> [WORK REQUIRED]
Below are some records. Return exactly the lines from the one containing "m by (simp add: sum_nonneg_eq_0_iff)" through the one containing "then obtain u", both included, and only those.

(Stored data entries)
lemma compact_prob_simplex: "compact prob_simplex"
proof -
  have "norm x \<le> 1" if "x \<in> prob_simplex" for x :: "real ^ 'n"
    using norm_le_l1_cart[of x] that by (simp add: prob_simplex_def)
  then have "bounded (prob_simplex :: (real ^ 'n) set)" unfolding bounded_iff by blast
  then show ?thesis using closed_prob_simplex by (simp add: compact_eq_bounded_closed)
qed

lemma doubly_stochastic_nonneg: "doubly_stochastic C \<Longrightarrow> 0 \<le> C $ i $ j"
  by (simp add: doubly_stochastic_def nonneg_matrix_def)

lemma doubly_stochastic_row_sum: "doubly_stochastic C \<Longrightarrow> (\<Sum>j\<in>UNIV. C $ i $ j) = 1"
  by (simp add: doubly_stochastic_def)

lemma doubly_stochastic_col_sum: "doubly_stochastic C \<Longrightarrow> (\<Sum>i\<in>UNIV. C $ i $ j) = 1"
  by (simp add: doubly_stochastic_def)

lemma doubly_stochastic_has_in_neighbour:
  assumes "doubly_stochastic C" obtains j where "0 < C $ j $ i"
  using doubly_stochastic_col_sum[OF assms, of i] doubly_stochastic_nonneg[OF assms]
  by (metis not_le order_antisym sum.neutral zero_neq_one)

lemma mdf_step_nth:
  "mdf_step C x $ i = (x $ i)\<^sup>2 + (\<Sum>j\<in>UNIV. C $ j $ i * bern_var (x $ j))"
proof -
  have "(if k = j then x $ k else 0) * x $ j = (if k = j then x $ k * x $ j else 0)" for k j
    by simp
  then have "diag_mat x *v x = (\<chi> k. x $ k * x $ k)"
    by (simp add: diag_mat_def matrix_vector_mult_def vec_eq_iff)
  then show ?thesis
    unfolding mdf_step_def bern_var_def
    by (simp add: matrix_vector_mult_def transpose_def power2_eq_square
        algebra_simps sum_subtractf sum.distrib flip: sum_distrib_left)
qed

lemma bern_var_nonneg: "0 \<le> t \<Longrightarrow> t \<le> 1 \<Longrightarrow> 0 \<le> bern_var t"
  by (simp add: bern_var_def)

lemma mdf_step_in_prob_simplex:
  assumes C: "doubly_stochastic C" and x: "x \<in> prob_simplex"
  shows "mdf_step C x \<in> prob_simplex"
proof -
  have "(\<Sum>i\<in>UNIV. \<Sum>j\<in>UNIV. C $ j $ i * bern_var (x $ j)) = (\<Sum>j\<in>UNIV. bern_var (x $ j))"
    by (subst sum.swap) (simp add: doubly_stochastic_row_sum[OF C] flip: sum_distrib_right)
  then have "(\<Sum>i\<in>UNIV. mdf_step C x $ i) = (\<Sum>i\<in>UNIV. (x $ i)\<^sup>2 + bern_var (x $ i))"
    by (simp add: mdf_step_nth sum.distrib)
  also have "\<dots> = 1"
    using prob_simplex_sum[OF x] by (simp add: bern_var_def power2_eq_square algebra_simps)
  moreover have "0 \<le> mdf_step C x $ i" for i
    unfolding mdf_step_nth
    using prob_simplex_nonneg[OF x] prob_simplex_le_1[OF x] doubly_stochastic_nonneg[OF C]
    by (intro add_nonneg_nonneg sum_nonneg mult_nonneg_nonneg bern_var_nonneg) auto
  ultimately show ?thesis by (simp add: prob_simplex_def)
qed

lemma bern_var_le_vec_max:
  assumes x: "x \<in> prob_simplex" shows "bern_var (x $ j) \<le> bern_var (vec_max x)"
proof -
  obtain i where i: "x $ i = vec_max x" by (rule vec_max_attained)
  show ?thesis
  proof (cases "j = i")
    case False
    have "x $ j + vec_max x \<le> 1" using prob_simplex_add_le_1[OF x False] i by simp
    then have "0 \<le> (vec_max x - x $ j) * (1 - vec_max x - x $ j)" using vec_max_ge[of x j] by simp
    then show ?thesis by (simp add: bern_var_def algebra_simps)
  qed (use i in simp)
qed

text \<open>The averaged term is at most \<open>bern_var M\<close> and \<open>x\<^sub>i\<^sup>2 \<le> M\<^sup>2\<close>, where \<open>M = vec_max x\<close>
  and \<open>M\<^sup>2 + bern_var M = M\<close>; equality forces equality in both estimates.\<close>
lemma mdf_step_nth_vec_max:
  assumes C: "doubly_stochastic C" and x: "x \<in> prob_simplex"
  shows "mdf_step C x $ i \<le> vec_max x"
    and "mdf_step C x $ i = vec_max x \<Longrightarrow> x $ i = vec_max x"
    and "mdf_step C x $ i = vec_max x \<Longrightarrow> 0 < C $ j $ i \<Longrightarrow>
           bern_var (x $ j) = bern_var (vec_max x)"
proof -
  let ?M = "vec_max x"
  let ?gap = "\<lambda>j. C $ j $ i * (bern_var ?M - bern_var (x $ j))"
  have gap_nonneg: "0 \<le> ?gap j" for j
    using doubly_stochastic_nonneg[OF C] bern_var_le_vec_max[OF x] by simp
  have "(\<Sum>j\<in>UNIV. ?gap j) = bern_var ?M - (\<Sum>j\<in>UNIV. C $ j $ i * bern_var (x $ j))"
    by (simp add: right_diff_distrib sum_subtractf doubly_stochastic_col_sum[OF C]
        flip: sum_distrib_right)
  then have split: "?M - mdf_step C x $ i = (?M\<^sup>2 - (x $ i)\<^sup>2) + (\<Sum>j\<in>UNIV. ?gap j)"
    by (simp add: mdf_step_nth bern_var_def power2_eq_square algebra_simps)
  have xi: "0 \<le> x $ i" "x $ i \<le> ?M" using prob_simplex_nonneg[OF x] vec_max_ge by auto
  then have sq: "(x $ i)\<^sup>2 \<le> ?M\<^sup>2" by (intro power_mono)
  have gaps: "0 \<le> (\<Sum>j\<in>UNIV. ?gap j)" by (intro sum_nonneg gap_nonneg)
  show "mdf_step C x $ i \<le> ?M" using split sq gaps by linarith
  assume eq: "mdf_step C x $ i = ?M"
  then have "(x $ i)\<^sup>2 = ?M\<^sup>2" and gap0: "(\<Sum>j\<in>UNIV. ?gap j) = 0"
    using split sq gaps by linarith+
  then show "x $ i = ?M" using xi power2_eq_iff_nonneg by (metis order_trans)
  assume "0 < C $ j $ i"
  moreover have "?gap j = 0" using gap0 gap_nonneg by (simp add: sum_nonneg_eq_0_iff)
  ultimately show "bern_var (x $ j) = bern_var ?M" by simp
qed

lemma vec_max_mdf_step_le:
  "doubly_stochastic C \<Longrightarrow> x \<in> prob_simplex \<Longrightarrow> vec_max (mdf_step C x) \<le> vec_max x"
  by (simp add: vec_max_le_iff mdf_step_nth_vec_max)

lemma tendsto_mdf_step:
  assumes "(f \<longlongrightarrow> a) F"
  shows "((\<lambda>m. mdf_step C (f m)) \<longlongrightarrow> mdf_step C a) F"
proof (rule vec_tendstoI)
  fix i
  have coord: "((\<lambda>m. f m $ j) \<longlongrightarrow> a $ j) F" for j using assms by (rule tendsto_vec_nth)
  show "((\<lambda>m. mdf_step C (f m) $ i) \<longlongrightarrow> mdf_step C a $ i) F"
    unfolding mdf_step_nth bern_var_def by (intro tendsto_intros coord)
qed

lemma tendsto_funpow_mdf_step:
  assumes "(f \<longlongrightarrow> a) F"
  shows "((\<lambda>m. (mdf_step C ^^ k) (f m)) \<longlongrightarrow> (mdf_step C ^^ k) a) F"
proof (induction k)
  case (Suc k)
  then show ?case by (simp add: tendsto_mdf_step)
qed (simp add: assms)

lemma prob_simplex_eq_uniform:
  fixes x :: "real ^ 'n"
  assumes x: "x \<in> prob_simplex" and le: "\<And>i. x $ i \<le> 1 / real CARD('n)"
  shows "x = (\<chi> i. 1 / real CARD('n))" (is "x = (\<chi> i. ?u)")
proof -
  have "(\<Sum>i\<in>UNIV. ?u - x $ i) = 0"
    using prob_simplex_sum[OF x] by (simp add: sum_subtractf)
  then have "\<forall>i\<in>UNIV. ?u - x $ i = 0"
    by (subst (asm) sum_nonneg_eq_0_iff) (use le in auto)
  then show ?thesis by (simp add: vec_eq_iff)
qed

locale constant_max_orbit =
  fixes C :: "real ^ 'n ^ 'n" and q :: "nat \<Rightarrow> real ^ 'n" and L :: real
  assumes doubly_stochastic: "doubly_stochastic C"
    and orbit_Suc: "q (Suc k) = mdf_step C (q k)"
    and orbit_0: "q 0 \<in> prob_simplex"
    and vec_max_orbit: "vec_max (q k) = L"
begin

lemma in_prob_simplex: "q k \<in> prob_simplex"
  by (induction k) (simp_all add: orbit_0 orbit_Suc mdf_step_in_prob_simplex doubly_stochastic)

lemma le_max: "q k $ i \<le> L"
  using vec_max_ge vec_max_orbit by metis

lemma max_attained: obtains i where "q k $ i = L"
  using vec_max_attained vec_max_orbit by metis

lemma maximal_before: "q (Suc k) $ i = L \<Longrightarrow> q k $ i = L"
  using mdf_step_nth_vec_max(2)[OF doubly_stochastic in_prob_simplex]
  by (simp add: orbit_Suc vec_max_orbit)

lemma in_neighbour_of_maximal:
  assumes "q (Suc k) $ i = L" "0 < C $ j $ i"
  shows "q k $ j = L \<or> q k $ j = 1 - L"
  using mdf_step_nth_vec_max(3)[OF doubly_stochastic in_prob_simplex] assms
  by (simp add: orbit_Suc vec_max_orbit bern_var_eq_iff)

text \<open>For \<open>L \<le> 1/2\<close> the alternative \<open>1 - L\<close> cannot occur, so the maximisers form a
  shrinking sequence of sets which, once stable, is closed under in-neighbours.\<close>
lemma uniform_if_max_le_half:
  assumes irr: "irreducible_matrix C" and half: "L \<le> 1/2"
  shows "q 0 = (\<chi> i. 1 / real CARD('n))"
proof -
  define A where "A k = {i. q k $ i = L}" for k
  have shrink: "A (Suc k) \<subseteq> A k" for k using maximal_before by (auto simp: A_def)
  obtain K where K: "\<forall>k. card (A K) \<le> card (A k)"
    using ex_has_least_nat[of "\<lambda>k. True" 0 "\<lambda>k. card (A k)"] by auto
  have stable: "A (Suc K) = A K"
  proof (rule card_subset_eq)
    show "card (A (Suc K)) = card (A K)"
      using K card_mono[OF _ shrink[of K]] by (simp add: le_antisym)
  qed (simp_all add: shrink)
  have closed: "j \<in> A K" if "i \<in> A K" "0 < C $ j $ i" for i j
  proof -
    have "i \<in> A (Suc K)" using that(1) stable by simp
    then have "q (Suc K) $ i = L" by (simp add: A_def)
    then have "q K $ j = L \<or> q K $ j = 1 - L" using that(2) by (rule in_neighbour_of_maximal)
    then show ?thesis using half le_max[of K j] by (auto simp: A_def)
  qed
  have "A K = UNIV"
  proof (rule ccontr)
    assume "A K \<noteq> UNIV"
    then obtain j where j: "j \<notin> A K" by auto
    obtain i where "q K $ i = L" by (rule max_attained)
    then have i: "i \<in> A K" by (simp add: A_def)
    have path: "(j, i) \<in> {(a, b). 0 < C $ a $ b}\<^sup>*"
      using irr by (simp add: irreducible_matrix_def)
    obtain u v where "(u, v) \<in> {(a, b). 0 < C $ a $ b}" "u \<notin> A K" "v \<in> A K"
      by (rule rtrancl_leaves_set[OF path j i])
    with closed show False by blast
  qed
  then have "q K $ i = L" for i unfolding A_def by blast
  then have "1 = real CARD('n) * L" using prob_simplex_sum[OF in_prob_simplex, of K] by simp
  then have "L = 1 / real CARD('n)" by (simp add: field_simps)
  then show ?thesis using le_max[of 0] by (intro prob_simplex_eq_uniform[OF orbit_0]) simp
qed

text \<open>For \<open>L > 1/2\<close> the orbit sits for two steps on a maximiser \<open>i\<close> and one in-neighbour
  \<open>j\<close> (with weights \<open>L\<close>, \<open>1 - L\<close>); the vanishing of every other coordinate after one
  step forbids any edge leaving \<open>{i, j}\<close>.\<close>
lemma max_le_half:
  assumes n3: "CARD('n) \<ge> 3" and irr: "irreducible_matrix C"
    and diag: "\<forall>i. C $ i $ i = 0" and max_lt_1: "L < 1"
  shows "L \<le> 1/2"
proof (rule ccontr)
  assume "\<not> L \<le> 1/2"
  then have half: "1/2 < L" by simp
  obtain i where i2: "q 2 $ i = L" by (rule max_attained)
  have i1: "q 1 $ i = L" by (rule maximal_before) (use i2 in \<open>simp add: numeral_2_eq_2\<close>)
  have i0: "q 0 $ i = L" by (rule maximal_before) (use i1 in simp)
  obtain j where j: "0 < C $ j $ i" by (rule doubly_stochastic_has_in_neighbour[OF doubly_stochastic])
  have ji: "j \<noteq> i" using j diag by auto
  have qj: "q k $ j = 1 - L" if "q (Suc k) $ i = L" for k
  proof -
    have "q k $ j + L \<le> 1"
      using prob_simplex_add_le_1[OF in_prob_simplex[of k] ji] maximal_before[OF that] by simp
    then show ?thesis using in_neighbour_of_maximal[OF that j] half by auto
  qed
  have others0: "q k $ l = 0" if "q (Suc k) $ i = L" "l \<notin> {i, j}" for k l
  proof -
    have "(\<Sum>m\<in>{i, j, l}. q k $ m) = q k $ i + q k $ j + q k $ l"
      using that(2) ji by (auto simp: add.assoc)
    then have "q k $ i + q k $ j + q k $ l \<le> 1"
      using prob_simplex_sum_subset_le_1[OF in_prob_simplex, of k "{i, j, l}"] by simp
    then show ?thesis
      using qj[OF that(1)] maximal_before[OF that(1)] prob_simplex_nonneg[OF in_prob_simplex, of k l]
      by linarith
  qed
  have no_exit: "C $ i $ l = 0 \<and> C $ j $ l = 0" if l: "l \<notin> {i, j}" for l
  proof -
    have "q 0 $ l = 0" using others0[of 0 l] i1 l by simp
    moreover have "q 1 $ l = 0" using others0[of 1 l] i2 l by (simp add: numeral_2_eq_2)
    ultimately have "(\<Sum>m\<in>UNIV. C $ m $ l * bern_var (q 0 $ m)) = 0"
      using orbit_Suc[of 0] mdf_step_nth[of C "q 0" l] by simp
    moreover have "0 \<le> C $ m $ l * bern_var (q 0 $ m)" for m
      using doubly_stochastic_nonneg[OF doubly_stochastic] prob_simplex_nonneg[OF orbit_0]
        prob_simplex_le_1[OF orbit_0] by (simp add: bern_var_nonneg)
    ultimately have "C $ m $ l * bern_var (q 0 $ m) = 0" for m by (simp add: sum_nonneg_eq_0_iff)
    moreover have "0 < bern_var L" using half max_lt_1 by (simp add: bern_var_def)
    moreover have "bern_var (q 0 $ i) = bern_var L" "bern_var (q 0 $ j) = bern_var L"
      using i0 qj[of 0] i1 by (simp_all add: bern_var_eq_iff)
    ultimately show ?thesis by (metis less_irrefl mult_eq_0_iff)
  qed
  have "card {i, j} < CARD('n)" using n3 ji by simp
  then obtain l where l: "l \<notin> {i, j}" by (metis UNIV_I card_mono finite leD subsetI)
  have path: "(i, l) \<in> {(a, b). 0 < C $ a $ b}\<^sup>*"
    using irr by (simp add: irreducible_matrix_def)
  have "i \<notin> - {i, j}" "l \<in> - {i, j}" using l by auto
  then obtain u v where "(u, v) \<in> {(a, b). 0 < C $ a $ b}" "u \<notin> - {i, j}" "v \<in> - {i, j}"
    by (rule rtrancl_leaves_set[OF path])
  with no_exit show False by force
qed

end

> [EXERCISE RESPONSE]
    ultimately have "C $ m $ l * bern_var (q 0 $ m) = 0" for m by (simp add: sum_nonneg_eq_0_iff)
    moreover have "0 < bern_var L" using half max_lt_1 by (simp add: bern_var_def)
    moreover have "bern_var (q 0 $ i) = bern_var L" "bern_var (q 0 $ j) = bern_var L"
      using i0 qj[of 0] i1 by (simp_all add: bern_var_eq_iff)
    ultimately show ?thesis by (metis less_irrefl mult_eq_0_iff)
  qed
  have "card {i, j} < CARD('n)" using n3 ji by simp
  then obtain l where l: "l \<notin> {i, j}" by (metis UNIV_I card_mono finite leD subsetI)
  have path: "(i, l) \<in> {(a, b). 0 < C $ a $ b}\<^sup>*"
    using irr by (simp add: irreducible_matrix_def)
  have "i \<notin> - {i, j}" "l \<in> - {i, j}" using l by auto
  then obtain u v where "(u, v) \<in> {(a, b). 0 < C $ a $ b}" "u \<notin> - {i, j}" "v \<in> - {i, j}"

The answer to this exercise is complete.